● **Your assignment**
For this exercise, reproduce the entries below exactly, but only from the line containing "(* Let $X$ be" through the line containing "f = integral\<^sup>L", both included.

Stored items:
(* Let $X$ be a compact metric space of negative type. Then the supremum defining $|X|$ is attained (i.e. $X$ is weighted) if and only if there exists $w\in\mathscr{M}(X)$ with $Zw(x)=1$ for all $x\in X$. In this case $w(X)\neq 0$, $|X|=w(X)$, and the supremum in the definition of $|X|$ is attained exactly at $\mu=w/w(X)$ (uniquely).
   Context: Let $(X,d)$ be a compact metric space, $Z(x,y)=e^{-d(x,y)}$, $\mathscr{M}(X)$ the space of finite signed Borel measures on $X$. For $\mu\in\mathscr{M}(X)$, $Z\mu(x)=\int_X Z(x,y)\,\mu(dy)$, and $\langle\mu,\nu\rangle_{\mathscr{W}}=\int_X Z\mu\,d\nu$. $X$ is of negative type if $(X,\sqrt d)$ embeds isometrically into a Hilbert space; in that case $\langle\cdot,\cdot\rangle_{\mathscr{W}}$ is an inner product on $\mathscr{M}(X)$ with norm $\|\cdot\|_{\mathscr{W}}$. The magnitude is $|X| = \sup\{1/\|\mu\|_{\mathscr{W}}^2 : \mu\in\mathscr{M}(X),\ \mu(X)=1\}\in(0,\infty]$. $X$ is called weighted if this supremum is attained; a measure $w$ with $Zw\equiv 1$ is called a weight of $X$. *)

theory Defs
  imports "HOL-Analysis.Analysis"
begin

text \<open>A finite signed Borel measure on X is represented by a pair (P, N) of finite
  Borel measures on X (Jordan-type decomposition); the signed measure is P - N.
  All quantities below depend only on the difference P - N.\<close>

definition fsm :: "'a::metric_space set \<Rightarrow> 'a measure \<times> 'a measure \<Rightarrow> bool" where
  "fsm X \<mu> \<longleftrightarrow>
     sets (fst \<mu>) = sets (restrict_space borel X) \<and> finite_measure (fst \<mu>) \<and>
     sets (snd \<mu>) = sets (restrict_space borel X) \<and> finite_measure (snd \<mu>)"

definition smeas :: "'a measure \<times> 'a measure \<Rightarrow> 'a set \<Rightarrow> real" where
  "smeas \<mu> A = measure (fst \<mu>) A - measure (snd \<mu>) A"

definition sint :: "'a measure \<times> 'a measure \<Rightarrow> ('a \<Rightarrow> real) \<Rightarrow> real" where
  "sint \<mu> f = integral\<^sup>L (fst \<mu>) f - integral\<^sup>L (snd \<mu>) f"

--

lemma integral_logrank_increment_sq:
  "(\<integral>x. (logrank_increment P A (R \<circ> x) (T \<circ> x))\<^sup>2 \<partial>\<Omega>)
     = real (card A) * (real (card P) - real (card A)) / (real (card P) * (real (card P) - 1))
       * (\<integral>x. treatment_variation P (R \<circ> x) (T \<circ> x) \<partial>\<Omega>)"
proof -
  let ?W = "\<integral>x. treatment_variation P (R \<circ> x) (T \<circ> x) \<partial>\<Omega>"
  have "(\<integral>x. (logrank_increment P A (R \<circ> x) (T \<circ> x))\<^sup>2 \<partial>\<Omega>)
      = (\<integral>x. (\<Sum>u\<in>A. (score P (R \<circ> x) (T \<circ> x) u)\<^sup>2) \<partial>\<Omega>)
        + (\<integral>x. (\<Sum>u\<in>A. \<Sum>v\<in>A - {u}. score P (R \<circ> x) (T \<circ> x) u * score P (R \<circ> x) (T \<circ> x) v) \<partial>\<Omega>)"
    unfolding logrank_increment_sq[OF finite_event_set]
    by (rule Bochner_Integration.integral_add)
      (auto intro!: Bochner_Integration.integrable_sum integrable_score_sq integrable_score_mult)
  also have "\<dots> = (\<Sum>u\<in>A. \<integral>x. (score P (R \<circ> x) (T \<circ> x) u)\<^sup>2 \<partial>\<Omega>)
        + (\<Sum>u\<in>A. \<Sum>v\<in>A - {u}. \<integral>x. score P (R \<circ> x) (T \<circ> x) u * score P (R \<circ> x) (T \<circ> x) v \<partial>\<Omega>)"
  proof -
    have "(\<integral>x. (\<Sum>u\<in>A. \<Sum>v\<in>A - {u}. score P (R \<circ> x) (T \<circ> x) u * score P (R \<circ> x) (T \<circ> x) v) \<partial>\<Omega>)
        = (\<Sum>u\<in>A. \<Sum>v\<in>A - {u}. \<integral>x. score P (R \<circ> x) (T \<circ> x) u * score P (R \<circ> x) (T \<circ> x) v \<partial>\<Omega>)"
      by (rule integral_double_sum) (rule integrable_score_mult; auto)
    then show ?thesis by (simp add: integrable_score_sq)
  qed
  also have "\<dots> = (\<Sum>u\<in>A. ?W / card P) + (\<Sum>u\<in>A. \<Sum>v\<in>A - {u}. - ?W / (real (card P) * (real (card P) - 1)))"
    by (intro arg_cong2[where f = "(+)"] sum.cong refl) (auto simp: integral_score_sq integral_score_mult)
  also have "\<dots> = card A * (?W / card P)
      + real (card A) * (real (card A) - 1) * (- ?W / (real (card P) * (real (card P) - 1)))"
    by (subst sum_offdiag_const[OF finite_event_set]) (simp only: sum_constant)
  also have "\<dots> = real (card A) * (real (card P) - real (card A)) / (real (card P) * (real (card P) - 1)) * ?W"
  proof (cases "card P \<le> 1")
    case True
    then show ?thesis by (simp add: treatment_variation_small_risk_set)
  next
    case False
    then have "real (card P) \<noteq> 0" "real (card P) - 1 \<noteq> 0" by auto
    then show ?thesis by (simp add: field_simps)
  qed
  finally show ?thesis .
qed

* * *

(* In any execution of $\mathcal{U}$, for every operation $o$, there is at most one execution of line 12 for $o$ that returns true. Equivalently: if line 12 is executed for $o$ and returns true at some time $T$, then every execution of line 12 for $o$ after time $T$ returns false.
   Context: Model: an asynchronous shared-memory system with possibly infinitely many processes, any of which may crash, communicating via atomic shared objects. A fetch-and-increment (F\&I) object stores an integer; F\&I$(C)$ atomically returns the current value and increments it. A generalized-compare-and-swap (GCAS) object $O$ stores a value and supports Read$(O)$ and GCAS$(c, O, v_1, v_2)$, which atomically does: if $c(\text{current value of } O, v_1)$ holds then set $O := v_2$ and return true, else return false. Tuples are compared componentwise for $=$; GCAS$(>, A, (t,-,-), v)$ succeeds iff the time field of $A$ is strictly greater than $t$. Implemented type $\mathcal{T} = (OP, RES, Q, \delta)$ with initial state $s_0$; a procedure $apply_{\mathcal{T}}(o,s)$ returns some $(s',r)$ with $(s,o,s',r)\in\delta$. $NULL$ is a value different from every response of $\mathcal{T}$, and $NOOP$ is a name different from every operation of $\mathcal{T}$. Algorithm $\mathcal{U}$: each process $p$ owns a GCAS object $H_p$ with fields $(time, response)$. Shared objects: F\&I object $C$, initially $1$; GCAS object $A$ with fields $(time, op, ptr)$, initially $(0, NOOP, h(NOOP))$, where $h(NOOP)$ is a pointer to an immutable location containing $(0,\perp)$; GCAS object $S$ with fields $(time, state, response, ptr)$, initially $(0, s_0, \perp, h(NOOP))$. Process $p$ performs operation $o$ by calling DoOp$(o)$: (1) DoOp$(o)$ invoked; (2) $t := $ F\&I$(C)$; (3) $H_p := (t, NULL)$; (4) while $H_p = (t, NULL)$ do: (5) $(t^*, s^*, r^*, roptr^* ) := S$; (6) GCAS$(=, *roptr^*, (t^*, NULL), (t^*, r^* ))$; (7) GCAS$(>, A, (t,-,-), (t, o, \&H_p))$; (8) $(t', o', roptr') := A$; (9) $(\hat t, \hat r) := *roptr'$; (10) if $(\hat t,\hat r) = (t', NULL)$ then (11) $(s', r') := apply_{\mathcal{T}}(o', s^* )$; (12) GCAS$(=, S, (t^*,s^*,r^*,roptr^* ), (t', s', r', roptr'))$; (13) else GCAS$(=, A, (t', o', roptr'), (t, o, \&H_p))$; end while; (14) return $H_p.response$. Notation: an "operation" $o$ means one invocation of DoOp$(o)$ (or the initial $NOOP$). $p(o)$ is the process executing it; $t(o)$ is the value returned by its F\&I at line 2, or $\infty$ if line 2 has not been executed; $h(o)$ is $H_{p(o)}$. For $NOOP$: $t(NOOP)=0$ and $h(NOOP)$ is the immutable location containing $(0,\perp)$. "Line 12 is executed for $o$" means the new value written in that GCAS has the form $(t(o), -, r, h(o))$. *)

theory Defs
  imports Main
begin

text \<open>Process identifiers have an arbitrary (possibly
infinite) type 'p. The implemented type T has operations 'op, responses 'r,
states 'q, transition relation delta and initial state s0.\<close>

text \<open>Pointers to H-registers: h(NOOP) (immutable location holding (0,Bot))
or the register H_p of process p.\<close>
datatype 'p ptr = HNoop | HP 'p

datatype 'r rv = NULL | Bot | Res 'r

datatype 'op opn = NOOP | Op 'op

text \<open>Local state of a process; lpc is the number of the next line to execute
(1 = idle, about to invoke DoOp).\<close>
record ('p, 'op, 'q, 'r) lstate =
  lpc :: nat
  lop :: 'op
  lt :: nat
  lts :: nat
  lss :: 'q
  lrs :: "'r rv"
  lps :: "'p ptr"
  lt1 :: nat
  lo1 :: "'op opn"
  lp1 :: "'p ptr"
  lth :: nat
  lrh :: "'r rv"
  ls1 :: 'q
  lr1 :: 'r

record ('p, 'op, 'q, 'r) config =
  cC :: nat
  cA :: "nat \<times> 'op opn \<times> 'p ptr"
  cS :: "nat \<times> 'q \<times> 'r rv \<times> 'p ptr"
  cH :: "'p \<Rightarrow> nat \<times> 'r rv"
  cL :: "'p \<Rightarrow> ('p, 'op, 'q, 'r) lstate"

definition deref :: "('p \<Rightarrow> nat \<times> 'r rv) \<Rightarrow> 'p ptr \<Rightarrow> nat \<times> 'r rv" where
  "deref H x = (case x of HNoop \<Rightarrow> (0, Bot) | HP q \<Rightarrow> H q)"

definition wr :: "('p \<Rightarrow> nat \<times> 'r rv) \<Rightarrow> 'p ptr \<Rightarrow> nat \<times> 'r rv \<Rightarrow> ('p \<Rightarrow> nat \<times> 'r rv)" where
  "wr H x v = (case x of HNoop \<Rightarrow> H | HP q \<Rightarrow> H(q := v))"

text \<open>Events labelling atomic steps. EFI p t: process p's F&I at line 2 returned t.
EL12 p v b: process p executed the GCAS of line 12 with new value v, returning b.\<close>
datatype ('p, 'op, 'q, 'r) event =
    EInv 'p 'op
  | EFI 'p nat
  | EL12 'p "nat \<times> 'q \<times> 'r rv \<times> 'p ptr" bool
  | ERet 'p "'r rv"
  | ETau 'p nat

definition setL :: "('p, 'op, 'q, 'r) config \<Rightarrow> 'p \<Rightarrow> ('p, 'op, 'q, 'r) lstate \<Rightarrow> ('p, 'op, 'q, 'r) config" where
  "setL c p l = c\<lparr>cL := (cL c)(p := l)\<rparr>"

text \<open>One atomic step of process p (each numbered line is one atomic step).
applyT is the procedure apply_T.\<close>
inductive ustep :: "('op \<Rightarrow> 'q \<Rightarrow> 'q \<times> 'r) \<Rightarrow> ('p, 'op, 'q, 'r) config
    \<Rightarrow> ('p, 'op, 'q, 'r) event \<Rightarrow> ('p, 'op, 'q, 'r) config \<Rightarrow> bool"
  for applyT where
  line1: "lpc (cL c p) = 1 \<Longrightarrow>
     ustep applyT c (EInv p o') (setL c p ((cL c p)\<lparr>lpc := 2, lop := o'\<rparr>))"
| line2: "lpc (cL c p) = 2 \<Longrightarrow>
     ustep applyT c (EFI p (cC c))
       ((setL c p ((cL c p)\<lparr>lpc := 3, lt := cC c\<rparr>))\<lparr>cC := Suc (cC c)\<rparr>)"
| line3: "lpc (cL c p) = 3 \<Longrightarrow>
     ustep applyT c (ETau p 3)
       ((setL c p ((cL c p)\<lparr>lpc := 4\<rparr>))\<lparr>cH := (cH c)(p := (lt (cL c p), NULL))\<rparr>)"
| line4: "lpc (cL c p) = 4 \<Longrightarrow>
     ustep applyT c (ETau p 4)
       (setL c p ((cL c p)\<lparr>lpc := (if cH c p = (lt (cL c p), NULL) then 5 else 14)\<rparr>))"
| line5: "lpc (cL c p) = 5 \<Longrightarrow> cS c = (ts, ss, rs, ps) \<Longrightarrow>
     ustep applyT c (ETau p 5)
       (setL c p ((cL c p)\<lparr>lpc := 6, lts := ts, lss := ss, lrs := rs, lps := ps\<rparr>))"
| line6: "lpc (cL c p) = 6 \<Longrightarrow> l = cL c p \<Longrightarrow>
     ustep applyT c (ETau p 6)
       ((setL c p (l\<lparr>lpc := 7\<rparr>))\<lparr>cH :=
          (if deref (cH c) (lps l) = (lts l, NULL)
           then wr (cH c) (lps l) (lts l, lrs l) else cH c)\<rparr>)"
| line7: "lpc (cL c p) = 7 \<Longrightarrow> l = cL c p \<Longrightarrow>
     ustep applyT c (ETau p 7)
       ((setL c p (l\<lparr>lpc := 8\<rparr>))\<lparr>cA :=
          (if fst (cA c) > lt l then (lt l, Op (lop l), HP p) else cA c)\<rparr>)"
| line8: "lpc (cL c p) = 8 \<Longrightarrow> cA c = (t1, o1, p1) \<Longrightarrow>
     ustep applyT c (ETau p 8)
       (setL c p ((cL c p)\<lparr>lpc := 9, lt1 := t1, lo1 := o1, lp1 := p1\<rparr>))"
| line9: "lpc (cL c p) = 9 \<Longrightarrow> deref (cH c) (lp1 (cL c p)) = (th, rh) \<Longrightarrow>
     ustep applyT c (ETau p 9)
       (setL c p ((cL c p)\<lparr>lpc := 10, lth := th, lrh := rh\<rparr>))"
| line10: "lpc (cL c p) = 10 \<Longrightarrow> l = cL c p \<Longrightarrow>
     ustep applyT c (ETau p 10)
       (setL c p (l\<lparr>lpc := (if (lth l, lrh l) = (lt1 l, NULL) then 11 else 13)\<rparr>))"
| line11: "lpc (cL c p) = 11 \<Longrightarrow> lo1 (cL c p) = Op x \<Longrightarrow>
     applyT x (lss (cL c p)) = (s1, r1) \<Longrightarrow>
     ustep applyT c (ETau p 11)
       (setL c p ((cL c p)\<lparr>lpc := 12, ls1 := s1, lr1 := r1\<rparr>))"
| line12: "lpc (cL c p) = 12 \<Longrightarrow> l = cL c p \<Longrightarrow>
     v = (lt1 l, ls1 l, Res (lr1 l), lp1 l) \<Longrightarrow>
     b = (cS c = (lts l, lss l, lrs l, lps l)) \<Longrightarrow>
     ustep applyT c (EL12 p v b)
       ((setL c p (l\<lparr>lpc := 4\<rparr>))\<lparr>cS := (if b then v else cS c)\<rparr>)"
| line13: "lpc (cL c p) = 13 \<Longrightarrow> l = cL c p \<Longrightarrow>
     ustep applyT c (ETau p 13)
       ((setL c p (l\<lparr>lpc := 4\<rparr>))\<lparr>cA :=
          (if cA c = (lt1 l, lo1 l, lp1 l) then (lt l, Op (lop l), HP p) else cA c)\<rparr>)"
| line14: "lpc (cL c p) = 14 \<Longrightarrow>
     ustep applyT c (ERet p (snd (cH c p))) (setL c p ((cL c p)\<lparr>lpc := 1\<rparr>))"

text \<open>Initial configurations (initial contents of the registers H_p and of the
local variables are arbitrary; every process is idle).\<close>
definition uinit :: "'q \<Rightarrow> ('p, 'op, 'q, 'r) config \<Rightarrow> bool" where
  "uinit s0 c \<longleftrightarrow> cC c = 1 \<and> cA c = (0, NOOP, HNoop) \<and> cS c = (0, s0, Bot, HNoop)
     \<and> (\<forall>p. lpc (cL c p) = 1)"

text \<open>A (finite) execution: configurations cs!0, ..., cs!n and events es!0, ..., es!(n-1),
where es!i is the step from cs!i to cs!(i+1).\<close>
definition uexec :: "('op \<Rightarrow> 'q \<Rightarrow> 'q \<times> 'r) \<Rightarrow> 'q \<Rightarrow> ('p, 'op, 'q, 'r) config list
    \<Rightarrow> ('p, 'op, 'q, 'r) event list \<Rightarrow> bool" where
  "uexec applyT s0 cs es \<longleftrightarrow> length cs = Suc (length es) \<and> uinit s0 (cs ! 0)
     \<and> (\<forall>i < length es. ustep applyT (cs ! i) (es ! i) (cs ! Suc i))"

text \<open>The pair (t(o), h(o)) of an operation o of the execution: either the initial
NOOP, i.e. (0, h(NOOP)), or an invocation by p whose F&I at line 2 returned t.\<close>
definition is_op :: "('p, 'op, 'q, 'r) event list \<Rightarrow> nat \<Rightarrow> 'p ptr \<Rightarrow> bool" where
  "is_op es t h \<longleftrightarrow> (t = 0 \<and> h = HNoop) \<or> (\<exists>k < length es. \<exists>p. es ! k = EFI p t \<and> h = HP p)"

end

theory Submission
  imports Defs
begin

● **Your response**
(* Let $X$ be a compact metric space of negative type. Then the supremum defining $|X|$ is attained (i.e. $X$ is weighted) if and only if there exists $w\in\mathscr{M}(X)$ with $Zw(x)=1$ for all $x\in X$. In this case $w(X)\neq 0$, $|X|=w(X)$, and the supremum in the definition of $|X|$ is attained exactly at $\mu=w/w(X)$ (uniquely).
   Context: Let $(X,d)$ be a compact metric space, $Z(x,y)=e^{-d(x,y)}$, $\mathscr{M}(X)$ the space of finite signed Borel measures on $X$. For $\mu\in\mathscr{M}(X)$, $Z\mu(x)=\int_X Z(x,y)\,\mu(dy)$, and $\langle\mu,\nu\rangle_{\mathscr{W}}=\int_X Z\mu\,d\nu$. $X$ is of negative type if $(X,\sqrt d)$ embeds isometrically into a Hilbert space; in that case $\langle\cdot,\cdot\rangle_{\mathscr{W}}$ is an inner product on $\mathscr{M}(X)$ with norm $\|\cdot\|_{\mathscr{W}}$. The magnitude is $|X| = \sup\{1/\|\mu\|_{\mathscr{W}}^2 : \mu\in\mathscr{M}(X),\ \mu(X)=1\}\in(0,\infty]$. $X$ is called weighted if this supremum is attained; a measure $w$ with $Zw\equiv 1$ is called a weight of $X$. *)

theory Defs
  imports "HOL-Analysis.Analysis"
begin

text \<open>A finite signed Borel measure on X is represented by a pair (P, N) of finite
  Borel measures on X (Jordan-type decomposition); the signed measure is P - N.
  All quantities below depend only on the difference P - N.\<close>

definition fsm :: "'a::metric_space set \<Rightarrow> 'a measure \<times> 'a measure \<Rightarrow> bool" where
  "fsm X \<mu> \<longleftrightarrow>
     sets (fst \<mu>) = sets (restrict_space borel X) \<and> finite_measure (fst \<mu>) \<and>
     sets (snd \<mu>) = sets (restrict_space borel X) \<and> finite_measure (snd \<mu>)"

definition smeas :: "'a measure \<times> 'a measure \<Rightarrow> 'a set \<Rightarrow> real" where
  "smeas \<mu> A = measure (fst \<mu>) A - measure (snd \<mu>) A"

definition sint :: "'a measure \<times> 'a measure \<Rightarrow> ('a \<Rightarrow> real) \<Rightarrow> real" where
  "sint \<mu> f = integral\<^sup>L (fst \<mu>) f - integral\<^sup>L (snd \<mu>) f"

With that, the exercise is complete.